Если начинаются войны, если сверкающий меч буйствует в любой части света, если ныне воинственное время лишает людей жизни, кто, как ты думаешь, будет давать отчет Богу за такие злодеяния, за брошенные несчастья, за смертельнейшие наносимые раны? Мне кажется, и кажется вполне справедливо, что ответ за столькие злодеяния держит тот, кто отказался применить, как подобало, предложенное средство. Но зачем мы раскрыли это тому, кому об этом следовало лишь упомянуть? Давай вернемся к вашей сильнейшей любви и к нашему чистейшему обещанию.

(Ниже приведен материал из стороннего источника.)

theorem theorem5p1:
  fixes N :: nat and \<alpha> a :: "nat \<Rightarrow> real" and k :: "real^3" and Rs G \<Omega> T :: real
    and e0 :: "real \<Rightarrow> real^3" and U :: "(real^3) set" and u :: "real^3 \<Rightarrow> real \<Rightarrow> real"
  assumes N: "N \<ge> 1"
    and alpha0: "\<alpha> 0 = 0"
    and alpha_mono: "\<And>i. i < N \<Longrightarrow> \<alpha> i < \<alpha> (Suc i)"
    and a_pos: "\<And>i. i \<le> N \<Longrightarrow> a i > 0"
    and k_unit: "norm k = 1"
    and Rs: "Rs \<ge> 0"
    and G: "G > 0"
    and Om: "\<Omega> \<ge> 0"
    and e0_smooth: "smooth_fun e0"
    and e0_unit: "\<And>t. norm (e0 t) = 1"
    and U_open: "open U" and U_bdd: "bounded U" and U_C1: "C1_boundary U"
    and T: "T > 0"
    and u_cont: "continuous_on {(x,t). x \<in> closure U \<and> 0 \<le> t \<and> t \<le> T} (\<lambda>(x,t). u x t)"
    and u_C21: "C21 U T u"
    and u_nonneg: "\<And>x t. x \<in> closure U \<Longrightarrow> 0 \<le> t \<Longrightarrow> t \<le> T \<Longrightarrow> u x t \<ge> 0"
    and pde: "\<And>x t. x \<in> U \<Longrightarrow> 0 < t \<Longrightarrow> t \<le> T \<Longrightarrow>
       (let W = (\<lambda>y. Xfun N a \<alpha> k Rs (u y t)
                       (grad (\<lambda>z. u z t) y + (u y t)\<^sup>2 *\<^sub>R Zfun k G \<Omega> e0 y t))
        in W differentiable (at x) \<and>
           vector_derivative (\<lambda>s. u x s) (at t within {0<..T}) = divg W x)"
  shows "(SUP (x,t)\<in>{(x,t). x \<in> closure U \<and> 0 \<le> t \<and> t \<le> T}. u x t)
       = (SUP (x,t)\<in>{(x,t). x \<in> closure U \<and> 0 \<le> t \<and> t \<le> T}
                    - {(x,t). x \<in> U \<and> 0 < t \<and> t \<le> T}. u x t)"
proof (rule SUP_eq_SUP_if_perturbed_max_in[where \<tau> = snd])
  have "{(x,t). x \<in> closure U \<and> 0 \<le> t \<and> t \<le> T} = closure U \<times> {0..T}" by auto
  then show "compact {(x,t). x \<in> closure U \<and> 0 \<le> t \<and> t \<le> T}"
    using U_bdd by (simp add: compact_Times)
  fix \<epsilon> and p :: "(real^3) \<times> real"
  assume \<epsilon>: "0 < \<epsilon>" and p: "p \<in> {(x,t). x \<in> closure U \<and> 0 \<le> t \<and> t \<le> T}"
    and max: "\<And>q. q \<in> {(x,t). x \<in> closure U \<and> 0 \<le> t \<and> t \<le> T} \<Longrightarrow>
      (case q of (x, t) \<Rightarrow> u x t) - \<epsilon> * snd q \<le> (case p of (x, t) \<Rightarrow> u x t) - \<epsilon> * snd p"
  obtain x0 t0 where p_eq: "p = (x0, t0)" by (cases p)
  have "(x0, t0) \<notin> {(x,t). x \<in> U \<and> 0 < t \<and> t \<le> T}"
  proof
    assume "(x0, t0) \<in> {(x,t). x \<in> U \<and> 0 < t \<and> t \<le> T}"
    then have x0: "x0 \<in> U" and t0: "0 < t0" "t0 \<le> T" by simp_all
    show False
    proof (rule no_interior_perturbed_max[OF k_unit a_pos alpha0 alpha_mono U_open u_C21 pde \<epsilon> x0 t0])
      show "u x t - \<epsilon> * t \<le> u x0 t0 - \<epsilon> * t0" if "x \<in> closure U" "0 \<le> t" "t \<le> T" for x t
        using max[of "(x, t)"] that by (simp add: p_eq)
    qed
  qed
  then show "p \<in> {(x,t). x \<in> closure U \<and> 0 \<le> t \<and> t \<le> T} - {(x,t). x \<in> U \<and> 0 < t \<and> t \<le> T}"
    using p p_eq by blast
next
  show "continuous_on {(x,t). x \<in> closure U \<and> 0 \<le> t \<and> t \<le> T} snd"
    by (rule continuous_on_snd[OF continuous_on_id])
qed (use u_cont in auto)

С уверенностью доверься Ансемунду, прими его, оставив подозрение, вложи в его сердце то, что ты приказал. Ведь он наш, даже если он не изящен речью, он стремится к чистоте. Я же, с чистыми помыслами, передал ему, что требуется; наставил в том, на что нужно обратить внимание, облагородил, как мог. И я вверяю этого честного человека (букв. его честность - прим. пер.) под твое руководство, мой дражайший, и поскольку он последует менее изящно, защищаю его через тебя, как если бы присутствовал лично. Что кроме того я желаю предложить вашей милости, я не нахожу, кроме как то, что я жажду всякого твоего содействия. Тот же посол настолько обо всем проинструктирован, и наставлен столь исчерпывающе, что, спроси ваше милосердие у него что угодно, по-моему, он даст вам полнейший ответ.

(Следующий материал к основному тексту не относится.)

(* Let $G$ be a graph whose vertex set $V(G)$ is partitioned into an independent set $S$ and a clique $K$ (so $G$ is a split graph). Suppose that for any three distinct vertices $u,v,w\in S$ there exist two distinct vertices $x,y\in\{u,v,w\}$ with $N_G(x)\supseteq N_G(y)$. Then $G$ is an interval graph.
   Context: All graphs are finite, simple and undirected. $N_G(v)$ denotes the set of neighbors of $v$ in $G$. An interval graph is the intersection graph of a finite family of closed intervals on the real line. *)

theory Defs
  imports Complex_Main
begin

definition simple_graph :: "'a set \<Rightarrow> ('a \<Rightarrow> 'a \<Rightarrow> bool) \<Rightarrow> bool" where
  "simple_graph V E \<longleftrightarrow> finite V \<and> (\<forall>u v. E u v \<longrightarrow> u \<in> V \<and> v \<in> V)
     \<and> (\<forall>u v. E u v \<longrightarrow> E v u) \<and> (\<forall>v. \<not> E v v)"

definition nbhd :: "'a set \<Rightarrow> ('a \<Rightarrow> 'a \<Rightarrow> bool) \<Rightarrow> 'a \<Rightarrow> 'a set" where
  "nbhd V E v = {u \<in> V. E v u}"

definition independent_set :: "'a set \<Rightarrow> ('a \<Rightarrow> 'a \<Rightarrow> bool) \<Rightarrow> 'a set \<Rightarrow> bool" where
  "independent_set V E S \<longleftrightarrow> S \<subseteq> V \<and> (\<forall>u\<in>S. \<forall>v\<in>S. \<not> E u v)"

definition clique :: "'a set \<Rightarrow> ('a \<Rightarrow> 'a \<Rightarrow> bool) \<Rightarrow> 'a set \<Rightarrow> bool" where
  "clique V E K \<longleftrightarrow> K \<subseteq> V \<and> (\<forall>u\<in>K. \<forall>v\<in>K. u \<noteq> v \<longrightarrow> E u v)"

definition interval_graph :: "'a set \<Rightarrow> ('a \<Rightarrow> 'a \<Rightarrow> bool) \<Rightarrow> bool" where
  "interval_graph V E \<longleftrightarrow> (\<exists>l r :: 'a \<Rightarrow> real.
     (\<forall>v\<in>V. l v \<le> r v) \<and>
     (\<forall>u\<in>V. \<forall>v\<in>V. u \<noteq> v \<longrightarrow> (E u v \<longleftrightarrow> {l u..r u} \<inter> {l v..r v} \<noteq> {})))"

end

theory Submission
  imports Defs
begin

Письма, которые он при всех вам предложит, содержат прямоту справедливости, и хранят предел истины: ведь вашей славе ничуть не повредит, если даже нам будет выделено большее, и при Божьей милости осуществится то желание, к которому мы вместе чрезвычайно стремимся.

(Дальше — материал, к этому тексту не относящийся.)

definition unitary_mat :: "complex^'n::finite^'n \<Rightarrow> bool" where
  "unitary_mat U \<longleftrightarrow> cmat_mult (adjoint_mat U) U = cid"

definition block :: "complex^'s::finite^('r::finite \<times> 't::finite) \<Rightarrow> 'r \<Rightarrow> complex^'s^'t" where
  "block V i = (\<chi> j k. V$(i,j)$k)"

definition clin_indep_mats :: "('r::finite \<Rightarrow> complex^'s::finite^'t::finite) \<Rightarrow> bool" where
  "clin_indep_mats A \<longleftrightarrow>
     (\<forall>c::'r \<Rightarrow> complex. (\<forall>j k. (\<Sum>i\<in>UNIV. c i * A i $ j $ k) = 0) \<longrightarrow> (\<forall>i. c i = 0))"

definition V_set :: "(complex^'s::finite^('r::finite \<times> 't::finite)) set" where
  "V_set = {V. cmat_mult (adjoint_mat V) V = cid \<and> clin_indep_mats (block V)}"

text \<open>Action of U(r): (U \<otimes> I_t) V.\<close>
definition kron_id_act :: "complex^'r::finite^'r::finite \<Rightarrow> complex^'s::finite^('r \<times> 't::finite) \<Rightarrow> complex^'s^('r \<times> 't)" where
  "kron_id_act U V = (\<chi> p k. \<Sum>i'\<in>UNIV. U$(fst p)$i' * V$(i', snd p)$k)"

definition orbit_rel :: "((complex^'s::finite^('r::finite \<times> 't::finite)) \<times> (complex^'s^('r \<times> 't))) set" where
  "orbit_rel = {(V, W). V \<in> V_set \<and> W \<in> V_set \<and>
       (\<exists>U::complex^'r^'r. unitary_mat U \<and> W = kron_id_act U V)}"

definition hermitian_mat :: "complex^'n::finite^'n \<Rightarrow> bool" where
  "hermitian_mat C \<longleftrightarrow> adjoint_mat C = C"

definition psd_mat :: "complex^'n::finite^'n \<Rightarrow> bool" where
  "psd_mat C \<longleftrightarrow> hermitian_mat C \<and>
     (\<forall>x::'n \<Rightarrow> complex. 0 \<le> Re (\<Sum>i\<in>UNIV. \<Sum>j\<in>UNIV. cnj (x i) * C$i$j * x j))"

definition cindep_cols :: "complex^'n::finite^'m::finite \<Rightarrow> 'n set \<Rightarrow> bool" where
  "cindep_cols C S \<longleftrightarrow>
     (\<forall>c::'n \<Rightarrow> complex. (\<forall>i. (\<Sum>j\<in>S. c j * C$i$j) = 0) \<longrightarrow> (\<forall>j\<in>S. c j = 0))"

definition crank :: "complex^('n::finite)^'m::finite \<Rightarrow> nat" where
  "crank C = Max (card ` {S. cindep_cols C S})"

text \<open>Partial trace over the second factor of C^s \<otimes> C^t (index (a,b)).\<close>
definition partial_trace_B :: "complex^('s::finite \<times> 't::finite)^('s \<times> 't) \<Rightarrow> complex^'s^'s" where
  "partial_trace_B C = (\<chi> a a'. \<Sum>b\<in>UNIV. C$(a,b)$(a',b))"

definition C_set :: "'r::finite itself \<Rightarrow> (complex^('s::finite \<times> 't::finite)^('s \<times> 't)) set" where
  "C_set _ = {C. psd_mat C \<and> crank C = CARD('r) \<and>
       partial_trace_B C = (\<chi> a a'. if a = a' then 1 / of_nat CARD('s) else 0)}"

end

theory Submission
  imports Defs
begin

(* Write M = choi_factor V for V rearranged as an st x r matrix, and choi V = M M^*.
   Then tr_B (choi V) = V^* V / s, and choi V has rank r iff M is injective iff the blocks A_i are
   linearly independent, so choi maps V_{s,t,r} into C_{s,t,r}; it is onto because every positive
   semidefinite matrix of rank r factors as M M^* with M injective (a pivoted Cholesky
   decomposition). Two injective factors with M M^* = N N^* differ by a unitary, N = M Y, which is
   exactly the action of U(r); so the fibres of choi are the orbits. Finally choi is continuous and,
   as the restriction of a continuous map on the compact set of isometries to a saturated subset,
   closed. A closed continuous surjection is a quotient map, and the quotient of a space by the
   fibres of a quotient map is homeomorphic to its target. *)

lemma cmat_mult_eq_matrix_mult: "cmat_mult A B = A ** B"
  by (simp add: cmat_mult_def matrix_matrix_mult_def)

lemma cid_eq_mat_1: "cid = mat 1"
  by (simp add: cid_def mat_def)

lemma adjoint_mat_mult:
  "adjoint_mat (A ** B) = adjoint_mat B ** adjoint_mat (A :: complex^'n::finite^'m::finite)"
  by (simp add: vec_eq_iff adjoint_mat_def matrix_matrix_mult_def mult.commute)

lemma adjoint_mat_adjoint_mat [simp]: "adjoint_mat (adjoint_mat A) = A"
  by (simp add: vec_eq_iff adjoint_mat_def)

definition cinner :: "complex^'n::finite \<Rightarrow> complex^'n \<Rightarrow> complex" where
  "cinner x y = (\<Sum>i\<in>UNIV. cnj (x$i) * y$i)"

lemma cinner_adjoint_right: "cinner x (adjoint_mat A *v y) = cinner (A *v x) y"
proof -
  have "cinner x (adjoint_mat A *v y) = (\<Sum>i\<in>UNIV. \<Sum>j\<in>UNIV. cnj (x$i) * (cnj (A$j$i) * y$j))"
    by (simp add: cinner_def matrix_vector_mult_def adjoint_mat_def sum_distrib_left)
  also have "\<dots> = (\<Sum>j\<in>UNIV. \<Sum>i\<in>UNIV. cnj (A$j$i * x$i) * y$j)"
    by (subst sum.swap) (simp add: mult_ac)
  also have "\<dots> = cinner (A *v x) y"
    by (simp add: cinner_def matrix_vector_mult_def sum_distrib_right)
  finally show ?thesis .
qed

lemma cinner_self: "cinner x x = of_real (\<Sum>i\<in>UNIV. (cmod (x$i))\<^sup>2)"
  unfolding cinner_def of_real_sum
  by (rule sum.cong) (simp_all add: complex_norm_square mult.commute flip: of_real_power)

lemma cinner_self_eq_0_iff: "cinner x x = 0 \<longleftrightarrow> x = 0"
proof -
  have "cinner x x = 0 \<longleftrightarrow> (\<Sum>i\<in>UNIV. (cmod (x$i))\<^sup>2) = 0"
    by (simp only: cinner_self of_real_eq_0_iff)
  also have "\<dots> \<longleftrightarrow> x = 0"
    by (simp add: sum_nonneg_eq_0_iff vec_eq_iff)
  finally show ?thesis .
qed

lemma Re_cinner_self_nonneg: "0 \<le> Re (cinner x x)"
  by (simp add: cinner_self sum_nonneg)

lemma adjoint_mult_self_kernel:
  fixes M :: "complex^'k::finite^'n::finite"
  assumes "(adjoint_mat M ** M) *v x = 0"
  shows "M *v x = 0"
proof -
  have "cinner (M *v x) (M *v x) = cinner x ((adjoint_mat M ** M) *v x)"
    by (simp add: cinner_adjoint_right flip: matrix_vector_mul_assoc)
  then show ?thesis using assms by (simp add: cinner_def cinner_self_eq_0_iff[symmetric])
qed

lemma invertible_adjoint_mult_self:
  fixes M :: "complex^'k::finite^'n::finite"
  assumes "\<And>x. M *v x = 0 \<Longrightarrow> x = 0"
  shows "invertible (adjoint_mat M ** M)"
proof -
  have "\<exists>G. G ** (adjoint_mat M ** M) = mat 1"
    unfolding matrix_left_invertible_ker using assms adjoint_mult_self_kernel by blast
  then show ?thesis unfolding invertible_def using matrix_left_right_inverse by blast
qed

lemma psd_mat_mult_adjoint: "psd_mat (M ** adjoint_mat (M :: complex^'k::finite^'n::finite))"
  unfolding psd_mat_def hermitian_mat_def
proof (intro conjI allI)
  show "adjoint_mat (M ** adjoint_mat M) = M ** adjoint_mat M" by (simp add: adjoint_mat_mult)
next
  fix x :: "'n \<Rightarrow> complex"
  have "(\<Sum>i\<in>UNIV. \<Sum>j\<in>UNIV. cnj (x i) * (M ** adjoint_mat M) $ i $ j * x j) =
        cinner (vec_lambda x) ((M ** adjoint_mat M) *v vec_lambda x)"
    by (simp add: cinner_def matrix_vector_mult_def sum_distrib_left mult.assoc)
  also have "\<dots> = cinner (vec_lambda x) (adjoint_mat (adjoint_mat M) *v (adjoint_mat M *v vec_lambda x))"
    by (simp add: matrix_vector_mul_assoc)
  finally have "(\<Sum>i\<in>UNIV. \<Sum>j\<in>UNIV. cnj (x i) * (M ** adjoint_mat M) $ i $ j * x j) =
        cinner (adjoint_mat M *v vec_lambda x) (adjoint_mat M *v vec_lambda x)"
    by (simp only: cinner_adjoint_right)
  then show "0 \<le> Re (\<Sum>i\<in>UNIV. \<Sum>j\<in>UNIV. cnj (x i) * (M ** adjoint_mat M) $ i $ j * x j)"
    by (simp only: Re_cinner_self_nonneg)
qed

definition independent_family :: "('k \<Rightarrow> complex^'n::finite) \<Rightarrow> 'k set \<Rightarrow> bool" where
  "independent_family u P \<longleftrightarrow> (\<forall>c. (\<Sum>k\<in>P. c k *s u k) = 0 \<longrightarrow> (\<forall>k\<in>P. c k = 0))"

lemma independent_family_iff:
  assumes "finite P"
  shows "independent_family u P \<longleftrightarrow> inj_on u P \<and> vec.independent (u ` P)"
proof -
  have dependent_iff: "vec.dependent (u ` P) \<longleftrightarrow>
      (\<exists>d. (\<exists>v\<in>u ` P. d v \<noteq> 0) \<and> (\<Sum>v\<in>u ` P. d v *s v) = 0)"
    using assms by (intro vec.dependent_finite) simp
  show ?thesis
  proof
    assume ind: "independent_family u P"
    have inj: "inj_on u P"
    proof (rule inj_onI, rule ccontr)
      fix a b assume ab: "a \<in> P" "b \<in> P" "u a = u b" "a \<noteq> b"
      define c where "c k = (if k = a then 1 else if k = b then -1 else (0::complex))" for k
      have "(\<Sum>k\<in>P. c k *s u k) = (\<Sum>k\<in>{a,b}. c k *s u k)"
        by (rule sum.mono_neutral_right) (use ab assms in \<open>auto simp: c_def\<close>)
      also have "\<dots> = 0" using ab by (simp add: c_def vec_eq_iff)
      finally have "c a = 0" using ind ab unfolding independent_family_def by blast
      then show False by (simp add: c_def)
    qed
    moreover have "vec.independent (u ` P)"
    proof
      assume "vec.dependent (u ` P)"
      then obtain d where d: "\<exists>v\<in>u ` P. d v \<noteq> 0" "(\<Sum>v\<in>u ` P. d v *s v) = 0"
        using dependent_iff by blast
      have "(\<Sum>k\<in>P. d (u k) *s u k) = 0" using d(2) by (simp add: sum.reindex[OF inj])
      then have "\<forall>k\<in>P. d (u k) = 0"
        using ind unfolding independent_family_def by metis
      then show False using d(1) by blast
    qed
    ultimately show "inj_on u P \<and> vec.independent (u ` P)" ..
  next
    assume h: "inj_on u P \<and> vec.independent (u ` P)"
    show "independent_family u P"
      unfolding independent_family_def
    proof (intro allI impI ballI)
      fix c k assume c: "(\<Sum>k\<in>P. c k *s u k) = 0" and k: "k \<in> P"
      have "(\<Sum>v\<in>u ` P. c (inv_into P u v) *s v) = 0"
        using h c by (simp add: sum.reindex inv_into_f_f)
      then have "\<forall>v\<in>u ` P. c (inv_into P u v) = 0"
        using h dependent_iff by metis
      then show "c k = 0" using k h by (auto simp: inv_into_f_f)
    qed
  qed
qed

lemma cindep_cols_iff_independent_family:
  "cindep_cols C S \<longleftrightarrow> independent_family (\<lambda>j. column j C) S"
proof -
  have "(\<forall>i. (\<Sum>j\<in>S. c j * C$i$j) = 0) \<longleftrightarrow> (\<Sum>j\<in>S. c j *s column j C) = 0" for c
    by (simp add: vec_eq_iff column_def)
  then show ?thesis unfolding cindep_cols_def independent_family_def by simp
qed

lemma crank_eq_dim_columns: "crank C = vec.dim (columns C)"
proof -
  have columns_eq: "columns C = range (\<lambda>j. column j C)" by (auto simp: columns_def)
  have le: "card S \<le> vec.dim (columns C)" if "cindep_cols C S" for S
  proof -
    have "inj_on (\<lambda>j. column j C) S" "vec.independent ((\<lambda>j. column j C) ` S)"
      using that by (simp_all add: cindep_cols_iff_independent_family independent_family_iff)
    moreover have "(\<lambda>j. column j C) ` S \<subseteq> columns C" by (auto simp: columns_eq)
    ultimately show ?thesis
      using vec.independent_card_le_dim by (metis card_image)
  qed
  obtain B where B: "B \<subseteq> columns C" "vec.independent B" "columns C \<subseteq> vec.span B"
    using vec.maximal_independent_subset by blast
  obtain S where S: "inj_on (\<lambda>j. column j C) S" "B = (\<lambda>j. column j C) ` S"
    using B(1) unfolding columns_eq subset_image_inj by blast
  have "cindep_cols C S"
    using S B by (simp add: cindep_cols_iff_independent_family independent_family_iff)
  moreover have "vec.dim (columns C) = card S"
    using vec.dim_unique[OF B(1) B(3) B(2)] S by (simp add: card_image)
  ultimately have "vec.dim (columns C) \<in> card ` {S. cindep_cols C S}"
    by (simp add: image_iff) blast
  then show ?thesis
    unfolding crank_def using le by (intro Max_eqI) auto
qed

lemma crank_le_of_columns_in_span:
  assumes "columns A \<subseteq> vec.span (columns B)"
  shows "crank A \<le> crank B"
  using vec.dim_mono[OF assms] by (simp add: crank_eq_dim_columns)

Лук, направленный вашей славой нам через Ансемунда, он передал; за это мы выражаем величайшую благодарность, ведь не только словами, но и дарами вашими мы осыпаны.

Письмо 5. От Цезария к Сисебуту.

Мы прочли с чистой душой и долго обсуждали то, что сообщило благородное письмо Ваше, что и каким образом оно предписало вложить [в душу], что открыло о проделанном старании. Мы обратились к этому с большой осторожностью, и, пригласив писца, чтобы он услышал в полной готовности, вынесли решение: он уже знает то, о чем заранее догадывался. Ведь мы воздаем заслуженную благодарность, потому что кроткой душой мы, сами сознавая, признали то, что было предвидено вами. Но так как ваша милость предпочитает осведомить нас о большем, то и мы имеем тотчас делаем ваши знатнейшие мысли обо всем, что произошло, более точными. А именно, Теодорих и наши послы, которые служат ему помощниками во всем, воздав всяческую благодарность, соединились в наших краях (по всей видимости, имеется в виду Константинополь - прим. пер.), и, обремененные этим сложным заданием от милостивейшего господина императора, однако оставаясь радостными духом, они были отправлены к нам. Ведь я верю, что они вложат в наш ум то, чего давно просила речь (возможно, имеется в виду переписка - прим. пер.), чего требовал благочестивый разум, чего жаждала чистая душа. Верить иначе непозволительно. Не может величие императора оскорбить душу короля, ведь подобает, чтобы оно в щедром благодеянии предоставило желаемое. Наконец, пока при сопутствии Христа [в нас] сохраняется жизнь, когда долгожданные (послы - прим. пер.) прибудут туда, мы полностью сохраним для ваших мыслей то, что их подробнейшая речь доведет до нашего понимания.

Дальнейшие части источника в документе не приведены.